DATASET Block Start

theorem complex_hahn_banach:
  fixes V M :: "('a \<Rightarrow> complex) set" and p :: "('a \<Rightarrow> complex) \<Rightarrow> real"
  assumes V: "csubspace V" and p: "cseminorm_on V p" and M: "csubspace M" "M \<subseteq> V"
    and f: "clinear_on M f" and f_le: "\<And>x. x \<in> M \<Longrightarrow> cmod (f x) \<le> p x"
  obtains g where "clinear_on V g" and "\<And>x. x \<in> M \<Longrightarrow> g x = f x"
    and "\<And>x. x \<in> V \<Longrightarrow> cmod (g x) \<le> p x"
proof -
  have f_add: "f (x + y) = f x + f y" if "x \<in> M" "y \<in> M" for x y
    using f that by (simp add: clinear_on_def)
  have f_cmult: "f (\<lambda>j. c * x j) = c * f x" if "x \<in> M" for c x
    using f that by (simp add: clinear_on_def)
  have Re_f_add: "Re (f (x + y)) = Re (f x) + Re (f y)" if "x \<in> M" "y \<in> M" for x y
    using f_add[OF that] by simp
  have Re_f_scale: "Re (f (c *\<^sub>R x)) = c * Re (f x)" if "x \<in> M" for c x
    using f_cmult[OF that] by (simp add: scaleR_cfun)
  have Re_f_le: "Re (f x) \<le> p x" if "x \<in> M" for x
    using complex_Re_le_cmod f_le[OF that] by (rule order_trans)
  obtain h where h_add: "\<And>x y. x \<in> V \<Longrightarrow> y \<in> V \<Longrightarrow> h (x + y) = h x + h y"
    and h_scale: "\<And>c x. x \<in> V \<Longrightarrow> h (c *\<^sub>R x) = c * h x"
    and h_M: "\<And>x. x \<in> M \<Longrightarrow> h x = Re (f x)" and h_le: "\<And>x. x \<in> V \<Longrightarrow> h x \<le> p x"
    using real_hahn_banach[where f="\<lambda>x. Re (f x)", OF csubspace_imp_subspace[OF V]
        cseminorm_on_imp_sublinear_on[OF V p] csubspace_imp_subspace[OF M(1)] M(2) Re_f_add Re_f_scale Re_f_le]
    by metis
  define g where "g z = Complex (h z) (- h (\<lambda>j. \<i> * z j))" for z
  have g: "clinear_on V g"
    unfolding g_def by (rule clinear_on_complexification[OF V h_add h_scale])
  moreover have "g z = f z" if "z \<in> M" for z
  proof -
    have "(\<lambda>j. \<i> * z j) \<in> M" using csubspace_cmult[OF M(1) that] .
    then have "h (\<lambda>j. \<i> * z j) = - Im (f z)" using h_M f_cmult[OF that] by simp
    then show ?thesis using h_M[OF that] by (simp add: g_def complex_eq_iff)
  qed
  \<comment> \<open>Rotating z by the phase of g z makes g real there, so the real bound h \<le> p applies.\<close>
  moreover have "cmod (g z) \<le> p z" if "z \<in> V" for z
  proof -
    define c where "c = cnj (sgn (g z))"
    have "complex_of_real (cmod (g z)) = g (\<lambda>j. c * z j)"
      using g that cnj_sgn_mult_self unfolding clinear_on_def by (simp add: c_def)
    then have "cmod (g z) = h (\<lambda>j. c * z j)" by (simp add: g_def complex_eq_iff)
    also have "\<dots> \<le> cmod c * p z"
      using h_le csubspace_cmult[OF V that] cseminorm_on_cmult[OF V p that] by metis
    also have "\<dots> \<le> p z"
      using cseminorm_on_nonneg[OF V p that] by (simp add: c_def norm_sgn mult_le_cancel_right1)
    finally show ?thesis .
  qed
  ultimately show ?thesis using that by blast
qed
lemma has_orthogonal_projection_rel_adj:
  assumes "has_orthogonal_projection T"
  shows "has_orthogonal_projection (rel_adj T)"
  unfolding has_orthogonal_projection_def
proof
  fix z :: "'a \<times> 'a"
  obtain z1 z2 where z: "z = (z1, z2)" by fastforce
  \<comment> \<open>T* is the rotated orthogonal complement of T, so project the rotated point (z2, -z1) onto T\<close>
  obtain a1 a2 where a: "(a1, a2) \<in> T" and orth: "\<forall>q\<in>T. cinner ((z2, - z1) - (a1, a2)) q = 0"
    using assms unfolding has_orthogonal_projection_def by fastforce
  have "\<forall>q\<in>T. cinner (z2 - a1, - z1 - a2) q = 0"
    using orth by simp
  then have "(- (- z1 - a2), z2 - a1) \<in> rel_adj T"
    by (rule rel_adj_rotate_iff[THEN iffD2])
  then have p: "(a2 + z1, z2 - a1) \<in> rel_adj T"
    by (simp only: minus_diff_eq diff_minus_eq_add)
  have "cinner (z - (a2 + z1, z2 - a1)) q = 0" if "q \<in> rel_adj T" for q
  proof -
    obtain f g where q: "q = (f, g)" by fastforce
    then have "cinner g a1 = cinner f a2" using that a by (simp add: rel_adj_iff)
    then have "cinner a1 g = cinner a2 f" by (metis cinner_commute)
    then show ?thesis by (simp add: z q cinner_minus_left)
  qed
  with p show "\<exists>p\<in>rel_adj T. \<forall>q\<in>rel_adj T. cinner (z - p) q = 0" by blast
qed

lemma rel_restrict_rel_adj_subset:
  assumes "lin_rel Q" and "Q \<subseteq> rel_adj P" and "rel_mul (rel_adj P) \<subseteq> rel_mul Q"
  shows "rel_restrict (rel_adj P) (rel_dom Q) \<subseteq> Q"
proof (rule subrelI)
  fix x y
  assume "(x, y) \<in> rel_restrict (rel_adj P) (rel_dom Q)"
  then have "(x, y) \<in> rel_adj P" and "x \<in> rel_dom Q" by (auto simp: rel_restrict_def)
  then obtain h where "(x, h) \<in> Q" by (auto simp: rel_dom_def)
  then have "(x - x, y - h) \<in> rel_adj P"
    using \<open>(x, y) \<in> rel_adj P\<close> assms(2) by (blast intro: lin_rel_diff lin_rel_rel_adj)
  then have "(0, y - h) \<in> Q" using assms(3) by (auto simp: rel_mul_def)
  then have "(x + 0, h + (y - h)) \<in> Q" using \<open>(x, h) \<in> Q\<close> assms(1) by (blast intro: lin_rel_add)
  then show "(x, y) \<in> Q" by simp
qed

DATASET Block End
DATASET Block Start

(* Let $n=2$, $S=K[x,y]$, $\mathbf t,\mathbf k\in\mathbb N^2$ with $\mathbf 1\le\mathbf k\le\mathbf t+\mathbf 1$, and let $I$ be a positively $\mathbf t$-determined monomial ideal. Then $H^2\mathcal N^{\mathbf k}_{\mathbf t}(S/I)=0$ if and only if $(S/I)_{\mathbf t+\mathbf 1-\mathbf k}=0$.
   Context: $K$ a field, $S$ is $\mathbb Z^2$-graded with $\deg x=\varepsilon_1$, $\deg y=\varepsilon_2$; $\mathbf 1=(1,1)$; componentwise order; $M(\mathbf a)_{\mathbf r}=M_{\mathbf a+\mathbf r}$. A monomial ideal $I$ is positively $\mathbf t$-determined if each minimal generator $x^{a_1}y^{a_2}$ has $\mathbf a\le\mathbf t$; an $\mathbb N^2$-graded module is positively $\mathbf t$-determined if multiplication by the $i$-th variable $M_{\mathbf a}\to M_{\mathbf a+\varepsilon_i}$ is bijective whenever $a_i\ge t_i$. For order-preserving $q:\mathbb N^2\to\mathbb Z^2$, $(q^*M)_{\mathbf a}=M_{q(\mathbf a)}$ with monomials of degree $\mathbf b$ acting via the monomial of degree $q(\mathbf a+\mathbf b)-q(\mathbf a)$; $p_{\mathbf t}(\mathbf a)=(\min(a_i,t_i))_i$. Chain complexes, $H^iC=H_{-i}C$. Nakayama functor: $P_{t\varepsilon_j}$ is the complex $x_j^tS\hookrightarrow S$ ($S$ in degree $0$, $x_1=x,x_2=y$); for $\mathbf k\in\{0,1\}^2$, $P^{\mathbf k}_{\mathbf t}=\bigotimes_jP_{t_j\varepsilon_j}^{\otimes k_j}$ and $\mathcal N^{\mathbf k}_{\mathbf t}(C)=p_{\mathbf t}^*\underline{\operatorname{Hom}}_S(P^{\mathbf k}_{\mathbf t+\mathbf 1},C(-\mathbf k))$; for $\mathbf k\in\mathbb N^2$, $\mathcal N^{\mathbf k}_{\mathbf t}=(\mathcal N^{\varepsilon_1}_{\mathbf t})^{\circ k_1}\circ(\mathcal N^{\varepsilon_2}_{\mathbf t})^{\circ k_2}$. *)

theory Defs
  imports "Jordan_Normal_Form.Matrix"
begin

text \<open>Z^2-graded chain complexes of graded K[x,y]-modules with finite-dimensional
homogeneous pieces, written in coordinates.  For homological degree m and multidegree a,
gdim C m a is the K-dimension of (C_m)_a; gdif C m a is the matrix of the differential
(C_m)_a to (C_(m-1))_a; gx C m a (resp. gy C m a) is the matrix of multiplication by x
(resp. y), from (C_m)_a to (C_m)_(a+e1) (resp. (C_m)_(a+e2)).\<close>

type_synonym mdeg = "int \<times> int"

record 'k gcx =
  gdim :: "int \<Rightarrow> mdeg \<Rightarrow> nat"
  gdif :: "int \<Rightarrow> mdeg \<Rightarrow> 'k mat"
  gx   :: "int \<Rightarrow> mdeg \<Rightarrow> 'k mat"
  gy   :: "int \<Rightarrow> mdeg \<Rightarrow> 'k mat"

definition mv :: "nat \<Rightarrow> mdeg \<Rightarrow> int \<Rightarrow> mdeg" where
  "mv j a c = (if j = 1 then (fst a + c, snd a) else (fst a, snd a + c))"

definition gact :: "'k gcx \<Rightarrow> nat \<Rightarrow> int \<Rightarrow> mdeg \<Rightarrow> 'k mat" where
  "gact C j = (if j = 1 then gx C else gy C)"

DATASET Block End

Report how many lines of the data above hold the string "thesis". Nothing else belongs in the answer.

_WRITTEN ANSWER_:
4